I hadn’t even thought about the risk of pregnancy. She showed me the relative risks of HIV and pregnancy. In 20 years, she had seen nine students test positive for HIV, while pregnancy? Too frequent to even remember. Pregnancy was the much more real possibility, but somehow in the whole paranoia mess, I had completely neglected it. I just hear so much scare-talk, about how AIDS is so deadly. Everybody’s talking about it nowadays.

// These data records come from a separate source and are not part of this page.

lemma mat_inverse_eqI:
  fixes A B :: "'a :: field mat"
  assumes A: "A \<in> carrier_mat n n" and B: "B \<in> carrier_mat n n" and AB: "A * B = 1\<^sub>m n"
  shows "mat_inverse A = Some B"
proof -
  have "det A \<noteq> 0" using det_mult[OF A B] AB by auto
  then have "A \<in> Units (ring_mat TYPE('a) n undefined)" by (rule det_non_zero_imp_unit[OF A])
  then obtain C where C: "mat_inverse A = Some C" by (metis mat_inverse(1)[OF A] not_None_eq)
  then have CA: "C * A = 1\<^sub>m n" and C_carrier: "C \<in> carrier_mat n n"
    using mat_inverse(2)[OF A] by auto
  have "C = C * (A * B)" using AB C_carrier by simp
  also have "\<dots> = C * A * B" using A B C_carrier by simp
  also have "\<dots> = B" using B CA by simp
  finally show ?thesis using C by simp
qed

lemma mat_diag_mult_vec:
  fixes f :: "nat \<Rightarrow> 'a :: semiring_0"
  shows "w \<in> carrier_vec n \<Longrightarrow> mat_diag n f *\<^sub>v w = vec n (\<lambda>i. f i * w $ i)"
  by (rule eq_vecI) (auto simp: mat_diag_def scalar_prod_def, subst sum.remove[of _ i], auto)

subsection \<open>Factorisation of the Markov covariance matrix\<close>

definition ar_coeff :: "(nat \<Rightarrow> real) \<Rightarrow> (nat \<Rightarrow> real) \<Rightarrow> nat \<Rightarrow> real" where
  "ar_coeff \<sigma> \<rho> j = \<rho> j * \<sigma> (Suc j) / \<sigma> j"

definition innov :: "(nat \<Rightarrow> real) \<Rightarrow> (nat \<Rightarrow> real) \<Rightarrow> nat \<Rightarrow> (nat \<Rightarrow> real) \<Rightarrow> real" where
  "innov \<sigma> \<rho> i x = (if i = 0 then x 0 else x i - ar_coeff \<sigma> \<rho> (i - 1) * x (i - 1))"

definition innov_var :: "(nat \<Rightarrow> real) \<Rightarrow> (nat \<Rightarrow> real) \<Rightarrow> nat \<Rightarrow> real" where
  "innov_var \<sigma> \<rho> i = (if i = 0 then (\<sigma> 0)\<^sup>2 else (\<sigma> i)\<^sup>2 * (1 - (\<rho> (i - 1))\<^sup>2))"

lemma innov_var_pos:
  assumes "\<And>i. i < n \<Longrightarrow> \<sigma> i > 0" and "\<And>i. i < n - 1 \<Longrightarrow> \<rho> i \<in> {-1<..<1}" and "i < n"
  shows "innov_var \<sigma> \<rho> i > 0"
proof (cases i)
  case 0
  then show ?thesis using assms(1)[OF assms(3)] by (simp add: innov_var_def)
next
  case (Suc p)
  have "\<rho> p \<in> {-1<..<1}" using assms(2,3) Suc by auto
  then have "(\<rho> p)\<^sup>2 < 1" by (simp add: abs_square_less_1 abs_less_iff)
  then show ?thesis using assms(1)[OF assms(3)] Suc by (simp add: innov_var_def)
qed

definition innov_mat :: "nat \<Rightarrow> (nat \<Rightarrow> real) \<Rightarrow> (nat \<Rightarrow> real) \<Rightarrow> real mat" where
  "innov_mat n \<sigma> \<rho> =
     mat n n (\<lambda>(i, j). if j = i then 1 else if Suc j = i then - ar_coeff \<sigma> \<rho> j else 0)"

text \<open>The covariance of the innovation \<open>W\<^sub>i\<close> with \<open>X\<^sub>l\<close>.\<close>

definition innov_cov :: "(nat \<Rightarrow> real) \<Rightarrow> (nat \<Rightarrow> real) \<Rightarrow> nat \<times> nat \<Rightarrow> real" where
  "innov_cov \<sigma> \<rho> = (\<lambda>(i, l). if i \<le> l
     then \<sigma> i * \<sigma> l * (\<Prod>k\<in>{i..<l}. \<rho> k) * (if i = 0 then 1 else 1 - (\<rho> (i - 1))\<^sup>2) else 0)"

lemma innov_mat_mult_markov_cov:
  assumes "\<And>i. i < n \<Longrightarrow> \<sigma> i > 0"
  shows "innov_mat n \<sigma> \<rho> * markov_cov n \<sigma> \<rho> = mat n n (innov_cov \<sigma> \<rho>)"
proof (rule eq_matI)
  fix i l assume "i < dim_row (mat n n (innov_cov \<sigma> \<rho>))" "l < dim_col (mat n n (innov_cov \<sigma> \<rho>))"
  then have i: "i < n" and l: "l < n" by auto
  define F where "F k = \<sigma> k * \<sigma> l * (\<Prod>j\<in>{min k l..<max k l}. \<rho> j)" for k
  have "(innov_mat n \<sigma> \<rho> * markov_cov n \<sigma> \<rho>) $$ (i, l)
      = (\<Sum>k<n. (if k = i then 1 else if Suc k = i then - ar_coeff \<sigma> \<rho> k else 0) * F k)"
    unfolding innov_mat_def markov_cov_def using i l
    by (subst index_mat_mult_mat) (auto simp: F_def intro!: sum.cong)
  also have "\<dots> = F i + (if i = 0 then 0 else - ar_coeff \<sigma> \<rho> (i - 1) * F (i - 1))"
    by (rule sum_lower_bidiagonal[OF i])
  also have "\<dots> = innov_cov \<sigma> \<rho> (i, l)"
  proof (cases i)
    case 0
    then show ?thesis by (simp add: F_def innov_cov_def)
  next
    case (Suc p)
    have "\<sigma> p > 0" using assms i Suc by auto
    show ?thesis
    proof (cases "l \<le> p")
      case True
      then have "(\<Prod>j\<in>{l..<Suc p}. \<rho> j) = (\<Prod>j\<in>{l..<p}. \<rho> j) * \<rho> p"
        by (simp add: prod.atLeastLessThan_Suc)
      with True Suc \<open>\<sigma> p > 0\<close> show ?thesis
        by (simp add: F_def innov_cov_def ar_coeff_def min_def max_def field_simps)
    next
      case False
      then have "(\<Prod>j\<in>{p..<l}. \<rho> j) = \<rho> p * (\<Prod>j\<in>{Suc p..<l}. \<rho> j)"
        by (simp add: prod.atLeast_Suc_lessThan)
      with False Suc \<open>\<sigma> p > 0\<close> show ?thesis
        by (simp add: F_def innov_cov_def ar_coeff_def min_def max_def field_simps power2_eq_square)
    qed
  qed
  finally show "(innov_mat n \<sigma> \<rho> * markov_cov n \<sigma> \<rho>) $$ (i, l) = mat n n (innov_cov \<sigma> \<rho>) $$ (i, l)"
    using i l by simp
qed (auto simp: innov_mat_def markov_cov_def)

lemma innov_cov_mult_transpose_innov_mat:
  assumes "\<And>i. i < n \<Longrightarrow> \<sigma> i > 0"
  shows "mat n n (innov_cov \<sigma> \<rho>) * transpose_mat (innov_mat n \<sigma> \<rho>) = mat_diag n (innov_var \<sigma> \<rho>)"
proof (rule eq_matI)
  fix i j assume "i < dim_row (mat_diag n (innov_var \<sigma> \<rho>))" "j < dim_col (mat_diag n (innov_var \<sigma> \<rho>))"
  then have i: "i < n" and j: "j < n" by (auto simp: mat_diag_def)
  define F where "F k = innov_cov \<sigma> \<rho> (i, k)" for k
  have LT: "transpose_mat (innov_mat n \<sigma> \<rho>)
      = mat n n (\<lambda>(k, j). if k = j then 1 else if Suc k = j then - ar_coeff \<sigma> \<rho> k else 0)"
    by (rule eq_matI) (auto simp: innov_mat_def)
  have "(mat n n (innov_cov \<sigma> \<rho>) * transpose_mat (innov_mat n \<sigma> \<rho>)) $$ (i, j)
      = (\<Sum>k<n. (if k = j then 1 else if Suc k = j then - ar_coeff \<sigma> \<rho> k else 0) * F k)"
    using i j by (subst LT, subst index_mat_mult_mat) (auto simp: F_def ac_simps intro!: sum.cong)
  also have "\<dots> = F j + (if j = 0 then 0 else - ar_coeff \<sigma> \<rho> (j - 1) * F (j - 1))"
    by (rule sum_lower_bidiagonal[OF j])
  also have "\<dots> = (if i = j then innov_var \<sigma> \<rho> i else 0)"
  proof (cases j)
    case 0
    then show ?thesis by (simp add: F_def innov_cov_def innov_var_def power2_eq_square)
  next
    case (Suc q)
    have "\<sigma> q > 0" using assms j Suc by auto
    consider "j < i" | "i = j" | "i \<le> q" using Suc by linarith
    then show ?thesis
    proof cases
      case 3
      then have "(\<Prod>k\<in>{i..<Suc q}. \<rho> k) = (\<Prod>k\<in>{i..<q}. \<rho> k) * \<rho> q"
        by (simp add: prod.atLeastLessThan_Suc)
      with 3 Suc \<open>\<sigma> q > 0\<close> show ?thesis
        by (simp add: F_def innov_cov_def ar_coeff_def field_simps)
    qed (use Suc in \<open>auto simp: F_def innov_cov_def innov_var_def power2_eq_square\<close>)
  qed
  finally show "(mat n n (innov_cov \<sigma> \<rho>) * transpose_mat (innov_mat n \<sigma> \<rho>)) $$ (i, j)
      = mat_diag n (innov_var \<sigma> \<rho>) $$ (i, j)"
    using i j by (simp add: mat_diag_def)
qed (auto simp: mat_diag_def innov_mat_def)

lemma markov_cov_LDL:
  assumes "\<And>i. i < n \<Longrightarrow> \<sigma> i > 0"
  shows "innov_mat n \<sigma> \<rho> * markov_cov n \<sigma> \<rho> * transpose_mat (innov_mat n \<sigma> \<rho>)
           = mat_diag n (innov_var \<sigma> \<rho>)"
  using innov_mat_mult_markov_cov[OF assms] innov_cov_mult_transpose_innov_mat[OF assms] by simp

lemma det_innov_mat: "det (innov_mat n \<sigma> \<rho>) = 1"
  by (subst det_lower_triangular[of n]) (auto simp: innov_mat_def prod_list_diag_mat)
lemma integrable_abs_of_square:
  fixes f :: "'a \<Rightarrow> real"
  assumes f: "f \<in> borel_measurable M" and sq: "integrable M (\<lambda>\<omega>. (f \<omega>)\<^sup>2)"
  shows "integrable M (\<lambda>\<omega>. \<bar>f \<omega>\<bar>)" and "(\<integral>\<omega>. \<bar>f \<omega>\<bar> \<partial>M) \<le> 1 + (\<integral>\<omega>. (f \<omega>)\<^sup>2 \<partial>M)"
proof -
  have bound: "integrable M (\<lambda>\<omega>. 1 + (f \<omega>)\<^sup>2)" using sq by simp
  show int: "integrable M (\<lambda>\<omega>. \<bar>f \<omega>\<bar>)"
    by (rule Bochner_Integration.integrable_bound[OF bound]) (use f abs_le_1_plus_square in \<open>auto intro!: AE_I2\<close>)
  have "(\<integral>\<omega>. \<bar>f \<omega>\<bar> \<partial>M) \<le> (\<integral>\<omega>. 1 + (f \<omega>)\<^sup>2 \<partial>M)"
    by (rule integral_mono[OF int bound abs_le_1_plus_square])
  then show "(\<integral>\<omega>. \<bar>f \<omega>\<bar> \<partial>M) \<le> 1 + (\<integral>\<omega>. (f \<omega>)\<^sup>2 \<partial>M)"
    using sq by (simp add: prob_space)
qed

lemma integrable_of_square:
  fixes f :: "'a \<Rightarrow> real"
  assumes "f \<in> borel_measurable M" and "integrable M (\<lambda>\<omega>. (f \<omega>)\<^sup>2)"
  shows "integrable M f"
  using integrable_abs_of_square(1)[OF assms] integrable_abs_iff[OF assms(1)] by simp

lemma square_integrable_sum:
  fixes f :: "'i \<Rightarrow> 'a \<Rightarrow> real"
  assumes fin: "finite I" and m: "\<And>i. i \<in> I \<Longrightarrow> f i \<in> borel_measurable M"
    and sq: "\<And>i. i \<in> I \<Longrightarrow> integrable M (\<lambda>\<omega>. (f i \<omega>)\<^sup>2)"
  shows "integrable M (\<lambda>\<omega>. (\<Sum>i\<in>I. f i \<omega>)\<^sup>2)"
    and "(\<integral>\<omega>. (\<Sum>i\<in>I. f i \<omega>)\<^sup>2 \<partial>M) \<le> real (card I) * (\<Sum>i\<in>I. \<integral>\<omega>. (f i \<omega>)\<^sup>2 \<partial>M)"
proof -
  have bound: "integrable M (\<lambda>\<omega>. real (card I) * (\<Sum>i\<in>I. (f i \<omega>)\<^sup>2))" using sq by simp
  have le: "(\<Sum>i\<in>I. f i \<omega>)\<^sup>2 \<le> real (card I) * (\<Sum>i\<in>I. (f i \<omega>)\<^sup>2)" for \<omega>
    using sum_squared_le_sum_of_squares[of "\<lambda>i. f i \<omega>" I] by (simp add: mult.commute)
  show int: "integrable M (\<lambda>\<omega>. (\<Sum>i\<in>I. f i \<omega>)\<^sup>2)"
    by (rule Bochner_Integration.integrable_bound[OF bound])
      (use m le in \<open>auto intro!: AE_I2 order.trans[OF _ abs_ge_self]\<close>)
  have "(\<integral>\<omega>. (\<Sum>i\<in>I. f i \<omega>)\<^sup>2 \<partial>M) \<le> (\<integral>\<omega>. real (card I) * (\<Sum>i\<in>I. (f i \<omega>)\<^sup>2) \<partial>M)"
    by (rule integral_mono[OF int bound le])
  then show "(\<integral>\<omega>. (\<Sum>i\<in>I. f i \<omega>)\<^sup>2 \<partial>M) \<le> real (card I) * (\<Sum>i\<in>I. \<integral>\<omega>. (f i \<omega>)\<^sup>2 \<partial>M)"
    using sq by (simp add: Bochner_Integration.integral_sum)
qed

Later I thought about what made me so uncomfortable in the nurse’s office. She was just trying to help. I was defensive – I knew I had done something I shouldn’t have, and I didn’t really want to explore why I did. However, I didn’t really have any protection against repeating that behavior – other than vowing to “never again”. There was also the hypocriticalness of my role as a researcher on HIV, someone who should know the risks, someone ultimately hoping to promote safe practices – and here I was encouraging others to do something I couldn’t even do.

I am now an HIV counselor in my school, providing students with counseling and testing. I don’t tell them what to do. I try to understand and reframe their behavioral motivations. Sometimes, prescriptions can only go so far.